══ Material supplied
theorem lemma4:
  fixes w h :: real and n :: nat and x y :: "nat \<Rightarrow> real" and rk :: "nat \<Rightarrow> nat"
  assumes "1 < w" "w \<le> 2" "1 < h" "h \<le> 2" "n \<ge> 2"
    and "1/2 \<le> y 0" "\<And>i. Suc i < n \<Longrightarrow> y i < y (Suc i)" "y (n - 1) \<le> h - 1/2"
    and "is_layout w n x rk"
  shows "layout_gap n x y rk \<le> (w + h - 2) / (real n - 1)"
proof -
  have x: "\<forall>i<n. 1/2 \<le> x i \<and> x i \<le> w - 1/2" and inj: "inj_on rk {..<n}"
    using assms(9) unfolding is_layout_def by auto
  have y: "\<forall>i<n. 1/2 \<le> y i \<and> y i \<le> h - 1/2"
  proof (intro allI impI)
    fix i assume "i < n"
    from lift_Suc_mono_between_ends[of n y, OF less_imp_le[OF assms(7)] this] assms(6,8)
    show "1/2 \<le> y i \<and> y i \<le> h - 1/2" by linarith
  qed
  have "{..<n} \<noteq> {}"
    using assms(5) by (auto simp: lessThan_empty_iff)
  then obtain f where f: "f \<in> {..<n}" "\<forall>j\<in>{..<n}. j \<noteq> f \<longrightarrow> rk j < rk f"
    using ex_greatest_if_inj_on[OF finite_lessThan _ inj] by blast
  have "layout_gap n x y rk \<le> ((\<Sum>i<n. sq_gap n x y rk i) - sq_gap n x y rk f) / (real n - 1)"
    using Min_le_mean_without[OF finite_lessThan f(1), of "sq_gap n x y rk"] assms(5)
    by (simp add: layout_gap_def)
  also have "sq_gap n x y rk f = 2"
    using f(2) by (simp add: sq_gap_def visible_perimeter_front)
  also have "(\<Sum>i<n. sq_gap n x y rk i) \<le> w + h"
    using sum_visible_perimeter_le[OF x y, of rk] assms(1-4) by (simp add: sq_gap_def sum_subtractf)
  finally show ?thesis
    using assms(5) by (simp add: divide_right_mono)
qed

end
════
What the task asks: Extract all the material, leaving every line as it is.

Output:
theorem lemma4:
  fixes w h :: real and n :: nat and x y :: "nat \<Rightarrow> real" and rk :: "nat \<Rightarrow> nat"
  assumes "1 < w" "w \<le> 2" "1 < h" "h \<le> 2" "n \<ge> 2"
    and "1/2 \<le> y 0" "\<And>i. Suc i < n \<Longrightarrow> y i < y (Suc i)" "y (n - 1) \<le> h - 1/2"
    and "is_layout w n x rk"
  shows "layout_gap n x y rk \<le> (w + h - 2) / (real n - 1)"
proof -
  have x: "\<forall>i<n. 1/2 \<le> x i \<and> x i \<le> w - 1/2" and inj: "inj_on rk {..<n}"
    using assms(9) unfolding is_layout_def by auto
  have y: "\<forall>i<n. 1/2 \<le> y i \<and> y i \<le> h - 1/2"
  proof (intro allI impI)
    fix i assume "i < n"
    from lift_Suc_mono_between_ends[of n y, OF less_imp_le[OF assms(7)] this] assms(6,8)
    show "1/2 \<le> y i \<and> y i \<le> h - 1/2" by linarith
  qed
  have "{..<n} \<noteq> {}"
    using assms(5) by (auto simp: lessThan_empty_iff)
  then obtain f where f: "f \<in> {..<n}" "\<forall>j\<in>{..<n}. j \<noteq> f \<longrightarrow> rk j < rk f"
    using ex_greatest_if_inj_on[OF finite_lessThan _ inj] by blast
  have "layout_gap n x y rk \<le> ((\<Sum>i<n. sq_gap n x y rk i) - sq_gap n x y rk f) / (real n - 1)"
    using Min_le_mean_without[OF finite_lessThan f(1), of "sq_gap n x y rk"] assms(5)
    by (simp add: layout_gap_def)
  also have "sq_gap n x y rk f = 2"
    using f(2) by (simp add: sq_gap_def visible_perimeter_front)
  also have "(\<Sum>i<n. sq_gap n x y rk i) \<le> w + h"
    using sum_visible_perimeter_le[OF x y, of rk] assms(1-4) by (simp add: sq_gap_def sum_subtractf)
  finally show ?thesis
    using assms(5) by (simp add: divide_right_mono)
qed

end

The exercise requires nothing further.